Или Квинт хотел забрать его в рабство? Но зачем? Чего-чего, а рабов и денег у Корвинов хватало. Стоило марать руки? Даже если стоило, для таких задач используют наемников. И зачем делать это в Эдесе, когда есть колонии? Может, Орхо просто ему приглянулся? Кочевник был… примечательным. Бред. Луций тряхнул головой и тут же пожалел об этом.
Головная боль мешала соображать. Он потянулся было к вискам, но одернул руки и поморщился. Все это не имело ровно никакого смысла: может, Квинт Корвин был просто извращенцем со специфическим пристрастием воровать симпатичных мужчин на улицах. Какой бы идиотской ни казалась эта теория, объяснения лучше Луций придумать не смог. Теперь Квинт Корвин стал мертвым извращенцем, а Луций и Марк – убийцами и потенциальными смертниками. Если преступление вскроется, им конец.

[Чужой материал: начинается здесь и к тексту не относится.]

lemma expander_mixing_lower:
  assumes G: "simple_graph N E" and reg: "regular N E d" and d: "0 < d"
    and exp: "spectral_expander N E \<epsilon>" and N: "0 < N" and U: "U \<subseteq> {..<N}"
  defines "s \<equiv> real (card U)"
  shows "real d * s^2 / N - \<epsilon> * real d * (s - s^2 / N)
    \<le> real (card {(u, v). E u v \<and> u \<in> U \<and> v \<in> U})"
proof -
  let ?A = "adj_mat N E"
  define ind where "ind i = (of_bool (i \<in> U) :: real)" for i
  define t where "t = - s / N"
  have sum_ind: "(\<Sum>i<N. ind i) = s"
    unfolding ind_def s_def using U by (simp add: Int_absorb1)
  have "(ind i)^2 = ind i" for i by (simp add: ind_def)
  then have sq_norm_ind: "sq_norm N ind = s"
    unfolding sq_norm_def using sum_ind by simp
  have cross: "(\<Sum>i<N. 1 * (\<Sum>j<N. ?A $$ (i,j) * ind j)) = real d * s"
    using sum_adj_mat_mult[OF G reg] sum_ind by simp
  have quad_one: "quad_form N ?A (\<lambda>_. 1) = N * real d"
    unfolding quad_form_def by (simp add: adj_mat_row_sum[OF reg])
  have "quad_form N ?A (\<lambda>i. ind i + t * 1) = quad_form N ?A ind + 2 * t * (real d * s) + t^2 * (N * real d)"
    using quad_form_add_scaled[OF adj_mat_symmetric[OF G], where v = ind and t = t and w = "\<lambda>_. 1"]
      cross quad_one by simp
  also have "\<dots> = quad_form N ?A ind - real d * s^2 / N"
    unfolding t_def using N by (simp add: power2_eq_square field_simps)
  finally have quad: "quad_form N ?A (\<lambda>i. ind i + t * 1) = quad_form N ?A ind - real d * s^2 / N" .
  have "sq_norm N (\<lambda>i. ind i + t * 1) = s + 2 * t * s + t^2 * N"
    using sq_norm_add_scaled[where N = N and v = ind and t = t and w = "\<lambda>_. 1"] sq_norm_ind sum_ind
    by (simp add: sq_norm_def)
  also have "\<dots> = s - s^2 / N"
    unfolding t_def using N by (simp add: power2_eq_square field_simps)
  finally have "sq_norm N (\<lambda>i. ind i + t * 1) = s - s^2 / N" .
  with quad have "real d * s^2 / N - \<epsilon> * real d * (s - s^2 / N) \<le> quad_form N ?A ind"
    using quad_form_adj_mat_ge[OF G reg d exp N, of "\<lambda>i. ind i + t * 1"] by simp
  then show ?thesis
    unfolding ind_def quad_form_adj_mat_indicator[OF G] .
qed

lemma two_card_free_edges_ge:
  assumes G: "simple_graph N E" and reg: "regular N E d" and d: "0 < d"
    and exp: "spectral_expander N E \<epsilon>" and N: "0 < N" and W: "W \<subseteq> {..<N}"
  defines "s \<equiv> real (N - card W)"
  shows "real d * s^2 / N - \<epsilon> * real d * (s - s^2 / N) \<le> 2 * real (card (free_edges E W))"
proof -
  let ?U = "{..<N} - W"
  have "card ?U = N - card W"
    using W by (simp add: card_Diff_subset finite_subset)
  moreover have "{(u, v). E u v \<and> u \<in> ?U \<and> v \<in> ?U}
      = {(u, v). E u v \<and> u \<notin> W \<and> v \<notin> W}"
    using simple_graph_edgeD[OF G] by auto
  ultimately show ?thesis
    using expander_mixing_lower[OF G reg d exp N, of ?U] two_card_free_edges[OF G, of W]
    unfolding s_def by simp
qed

section \<open>Counting greedy matchings\<close>

definition ln_primitive :: "real \<Rightarrow> real" where
  "ln_primitive x = x * ln x - x"

lemma ln_primitive_diff_le:
  assumes b: "0 < b" and c: "0 < c"
  shows "ln_primitive (b + c) - ln_primitive b \<le> c * ln (b + c)"
proof -
  have "ln ((b + c) / b) \<le> (b + c) / b - 1" by (rule ln_le_minus_one) (use b c in simp)
  then have "b * (ln (b + c) - ln b) \<le> c" using b c by (simp add: ln_div field_simps)
  then show ?thesis unfolding ln_primitive_def by (simp add: algebra_simps)
qed

lemma ln_primitive_diff_le_sum_ln:
  assumes c: "0 < c" and pos: "0 < x - c * real k"
  shows "ln_primitive x - ln_primitive (x - c * real k) \<le> c * (\<Sum>j<k. ln (x - c * real j))"
proof -
  define a where "a j = x - c * real j" for j
  have "ln_primitive (a j) - ln_primitive (a (Suc j)) \<le> c * ln (a j)" if "j < k" for j
  proof -
    have "c * real (Suc j) \<le> c * real k" using that c by simp
    then have "0 < a (Suc j)" using pos unfolding a_def by simp
    moreover have "a j = a (Suc j) + c" unfolding a_def by (simp add: algebra_simps)
    ultimately show ?thesis using ln_primitive_diff_le[of "a (Suc j)" c] c by simp
  qed
  then have "(\<Sum>j<k. ln_primitive (a j) - ln_primitive (a (Suc j))) \<le> (\<Sum>j<k. c * ln (a j))"
    by (intro sum_mono) auto
  moreover have "(\<Sum>j<k. ln_primitive (a j) - ln_primitive (a (Suc j))) = ln_primitive (a 0) - ln_primitive (a k)"
    by (rule sum_lessThan_telescope')
  ultimately show ?thesis
    unfolding sum_distrib_left[symmetric] a_def by simp
qed
lemma cut_rhs_add_scaleR:
  "cut_rhs x (\<psi> + l *\<^sub>R \<psi>') (u + l *\<^sub>R u') (w + l * w') y v
     = cut_rhs x \<psi> u w y v + l * cut_rhs x \<psi>' u' w' y v"
  by (simp add: cut_rhs_def algebra_simps inner_add_left)

lemma P1_recession_cone_iff:
  assumes "P1 \<noteq> {}"
  shows "(y, v) \<in> recession_cone P1 \<longleftrightarrow>
    0 \<le> y \<and> 0 \<le> v \<and> 0 \<le> B *v y - transpose Kpsi *v v \<and> transpose Ks *v v \<le> 0"
  using assms by (simp add: P1set_eq_polyhedron_of recession_cone_polyhedron_of
      P1_system_recession_iff)

lemma P2_recession_cone_iff:
  assumes "P2 \<noteq> {}"
  shows "(\<psi>, u, w) \<in> recession_cone P2 \<longleftrightarrow>
    0 \<le> \<psi> \<and> 0 \<le> u \<and> 0 \<le> w \<and> transpose B *v \<psi> + transpose Gy *v u \<le> w *\<^sub>R d"
  using assms by (simp add: P2set_eq_polyhedron_of recession_cone_polyhedron_of
      P2_system_recession_iff)

text \<open>The constraints of \<open>Inner(x)\<close> together with \<open>c\<^sub>y\<^sup>T y \<le> t\<close> as one system
  \<open>M (y, \<psi>, s) \<ge> h\<close>: the rows are indexed by the blocks \<open>G\<^sub>y\<close>, \<open>B\<close>, \<open>-B\<^sup>T\<close>, \<open>K\<close>,
  and two single rows, \<open>True\<close> for the strong-duality row and \<open>False\<close> for the objective.\<close>
definition inner_system_matrix :: "'p + ('m + ('n2 + ('q + bool))) \<Rightarrow> 'n2 + ('m + 'r) \<Rightarrow> real" where
  "inner_system_matrix r c = (case r of
      Inl i \<Rightarrow> (case c of Inl j \<Rightarrow> Gy $ i $ j | Inr _ \<Rightarrow> 0)
    | Inr (Inl i) \<Rightarrow> (case c of Inl j \<Rightarrow> B $ i $ j | Inr _ \<Rightarrow> 0)
    | Inr (Inr (Inl j)) \<Rightarrow> (case c of Inl _ \<Rightarrow> 0 | Inr (Inl i) \<Rightarrow> - B $ i $ j | Inr (Inr _) \<Rightarrow> 0)
    | Inr (Inr (Inr (Inl l))) \<Rightarrow>
        (case c of Inl _ \<Rightarrow> 0 | Inr (Inl i) \<Rightarrow> Kpsi $ l $ i | Inr (Inr i) \<Rightarrow> Ks $ l $ i)
    | Inr (Inr (Inr (Inr True))) \<Rightarrow>
        (case c of Inl j \<Rightarrow> - d $ j | Inr (Inl i) \<Rightarrow> b $ i | Inr (Inr _) \<Rightarrow> -1)
    | Inr (Inr (Inr (Inr False))) \<Rightarrow> (case c of Inl j \<Rightarrow> - cy $ j | Inr _ \<Rightarrow> 0))"

definition inner_system_rhs :: "real^'n1 \<Rightarrow> real \<Rightarrow> 'p + ('m + ('n2 + ('q + bool))) \<Rightarrow> real" where
  "inner_system_rhs x t r = (case r of
      Inl i \<Rightarrow> (hy - Gxy *v x) $ i
    | Inr (Inl i) \<Rightarrow> (b - A *v x) $ i
    | Inr (Inr (Inl j)) \<Rightarrow> - d $ j
    | Inr (Inr (Inr (Inl l))) \<Rightarrow> (k + Kx *v x) $ l
    | Inr (Inr (Inr (Inr True))) \<Rightarrow> 0
    | Inr (Inr (Inr (Inr False))) \<Rightarrow> - t)"

lemma sum_system_rows:
  fixes g :: "'p + ('m + ('n2 + ('q + bool))) \<Rightarrow> real"
  shows "(\<Sum>r\<in>UNIV. g r) = (\<Sum>i\<in>UNIV. g (Inl i)) + (\<Sum>i\<in>UNIV. g (Inr (Inl i)))
     + (\<Sum>j\<in>UNIV. g (Inr (Inr (Inl j)))) + (\<Sum>l\<in>UNIV. g (Inr (Inr (Inr (Inl l)))))
     + g (Inr (Inr (Inr (Inr True)))) + g (Inr (Inr (Inr (Inr False))))"
  by (simp add: sum_UNIV_Plus UNIV_bool add_ac)

lemma sum_system_columns:
  fixes g :: "'n2 + ('m + 'r) \<Rightarrow> real"
  shows "(\<Sum>c\<in>UNIV. g c)
    = (\<Sum>j\<in>UNIV. g (Inl j)) + (\<Sum>i\<in>UNIV. g (Inr (Inl i))) + (\<Sum>l\<in>UNIV. g (Inr (Inr l)))"
  by (simp add: sum_UNIV_Plus add_ac)

lemma dual_feasible_of_farkas_certificate:
  fixes \<pi> :: "'p + ('m + ('n2 + ('q + bool))) \<Rightarrow> real"
  assumes nonneg: "\<forall>r. \<pi> r \<ge> 0" and cols: "\<forall>c. (\<Sum>r\<in>UNIV. inner_system_matrix r c * \<pi> r) \<le> 0"
  defines "u \<equiv> \<chi> i. \<pi> (Inl i)" and "\<alpha> \<equiv> \<chi> i. \<pi> (Inr (Inl i))"
    and "\<beta> \<equiv> \<chi> j. \<pi> (Inr (Inr (Inl j)))" and "v \<equiv> \<chi> l. \<pi> (Inr (Inr (Inr (Inl l))))"
    and "w \<equiv> \<pi> (Inr (Inr (Inr (Inr True))))" and "\<mu> \<equiv> \<pi> (Inr (Inr (Inr (Inr False))))"
  shows "dual_feasible \<mu> u \<alpha> w \<beta> v \<and> \<mu> \<ge> 0"
    and "(\<Sum>r\<in>UNIV. \<pi> r * inner_system_rhs x t r) = dual_objective x u \<alpha> \<beta> v - \<mu> * t"
proof -
  have "transpose Gy *v u + transpose B *v \<alpha> - w *\<^sub>R d \<le> \<mu> *\<^sub>R cy"
    unfolding less_eq_vec_def
  proof
    fix j
    have "(\<Sum>r\<in>UNIV. inner_system_matrix r (Inl j) * \<pi> r) \<le> 0" using cols by blast
    thus "(transpose Gy *v u + transpose B *v \<alpha> - w *\<^sub>R d) $ j \<le> (\<mu> *\<^sub>R cy) $ j"
      by (simp add: sum_system_rows inner_system_matrix_def
          transpose_matrix_vector_mult_component_sum u_def \<alpha>_def w_def \<mu>_def algebra_simps)
  qed
  moreover have "w *\<^sub>R b \<le> B *v \<beta> - transpose Kpsi *v v"
    unfolding less_eq_vec_def
  proof
    fix i
    have "(\<Sum>r\<in>UNIV. inner_system_matrix r (Inr (Inl i)) * \<pi> r) \<le> 0" using cols by blast
    thus "(w *\<^sub>R b) $ i \<le> (B *v \<beta> - transpose Kpsi *v v) $ i"
      by (simp add: sum_system_rows inner_system_matrix_def matrix_vector_mult_component_sum
          transpose_matrix_vector_mult_component_sum transpose_def \<beta>_def v_def w_def sum_negf
          algebra_simps)
  qed
  moreover have "transpose Ks *v v \<le> w *\<^sub>R 1"
    unfolding less_eq_vec_def
  proof
    fix i
    have "(\<Sum>r\<in>UNIV. inner_system_matrix r (Inr (Inr i)) * \<pi> r) \<le> 0" using cols by blast
    thus "(transpose Ks *v v) $ i \<le> (w *\<^sub>R 1) $ i"
      by (simp add: sum_system_rows inner_system_matrix_def
          transpose_matrix_vector_mult_component_sum v_def w_def)
  qed
  moreover have "0 \<le> u" "0 \<le> \<alpha>" "0 \<le> \<beta>" "0 \<le> v" "0 \<le> w" "0 \<le> \<mu>"
    using nonneg by (simp_all add: u_def \<alpha>_def \<beta>_def v_def w_def \<mu>_def less_eq_vec_def)
  ultimately show "dual_feasible \<mu> u \<alpha> w \<beta> v \<and> \<mu> \<ge> 0" by (simp add: dual_feasible_def)
  show "(\<Sum>r\<in>UNIV. \<pi> r * inner_system_rhs x t r) = dual_objective x u \<alpha> \<beta> v - \<mu> * t"
    by (simp add: sum_system_rows inner_system_rhs_def dual_objective_def inner_vec_def
        u_def \<alpha>_def \<beta>_def v_def \<mu>_def sum_negf algebra_simps)
qed

lemma inner_feasible_of_system_solution:
  fixes z :: "'n2 + ('m + 'r) \<Rightarrow> real"
  assumes nonneg: "\<forall>c. z c \<ge> 0"
    and rows: "\<forall>r. (\<Sum>c\<in>UNIV. inner_system_matrix r c * z c) \<ge> inner_system_rhs x t r"
  defines "y \<equiv> \<chi> j. z (Inl j)" and "\<psi> \<equiv> \<chi> i. z (Inr (Inl i))" and "s \<equiv> \<chi> l. z (Inr (Inr l))"
  shows "(y, \<psi>, s) \<in> inner_feasible A B b d Gxy Gy hy Kpsi Ks Kx k x" and "cy \<bullet> y \<le> t"
proof -
  note row = rows[rule_format] and
    simps = sum_system_columns inner_system_matrix_def inner_system_rhs_def
      matrix_vector_mult_component_sum transpose_matrix_vector_mult_component_sum
      transpose_def y_def \<psi>_def s_def inner_vec_def sum_negf
  have "Gy *v y \<ge> hy - Gxy *v x"
    using row[of "Inl _"] by (simp add: less_eq_vec_def simps)
  moreover have "B *v y \<ge> b - A *v x"
    using row[of "Inr (Inl _)"] by (simp add: less_eq_vec_def simps)
  moreover have "- (transpose B *v \<psi>) \<ge> - d"
    using row[of "Inr (Inr (Inl _))"] by (simp add: less_eq_vec_def simps)
  moreover have "Kpsi *v \<psi> + Ks *v s \<ge> k + Kx *v x"
    using row[of "Inr (Inr (Inr (Inl _)))"] by (simp add: less_eq_vec_def simps)
  moreover have "- (d \<bullet> y) + \<psi> \<bullet> b - s \<bullet> 1 \<ge> 0"
    using row[of "Inr (Inr (Inr (Inr True)))"] by (simp add: simps mult.commute)
  moreover have "0 \<le> y" "0 \<le> \<psi>" "0 \<le> s"
    using nonneg by (simp_all add: y_def \<psi>_def s_def less_eq_vec_def)
  ultimately show "(y, \<psi>, s) \<in> inner_feasible A B b d Gxy Gy hy Kpsi Ks Kx k x"
    by (simp add: inner_feasible_def)
  show "cy \<bullet> y \<le> t"
    using row[of "Inr (Inr (Inr (Inr False)))"] by (simp add: simps)
qed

Изгнание. Патрициев не могли казнить – только лишить привилегий. Им срезали тавро и выжигали глотку, забирая голос и способность к магии. Но на практике эта процедура и была казнью, причем особо изощренной. Настолько, что большинство осужденных выбирали покончить с собой заранее. Как сделал отец Луция, например.
Луций чувствовал, как тревожно засвербили рубцы каждого из его тавро, особенно – Первого. Тавро сохранения наносили каждому магу на первой неделе жизни, и они вырастали, не зная даже обычной простуды. Им были не страшны мор и чума, которые выкашивали целые кварталы Нижних улиц. Но стоило повредить его, хвори поражали холеное, не умеющее защититься тело. За пару дней патриций превращался в изъеденного язвами калеку, который беззвучно молил о милосердной смерти.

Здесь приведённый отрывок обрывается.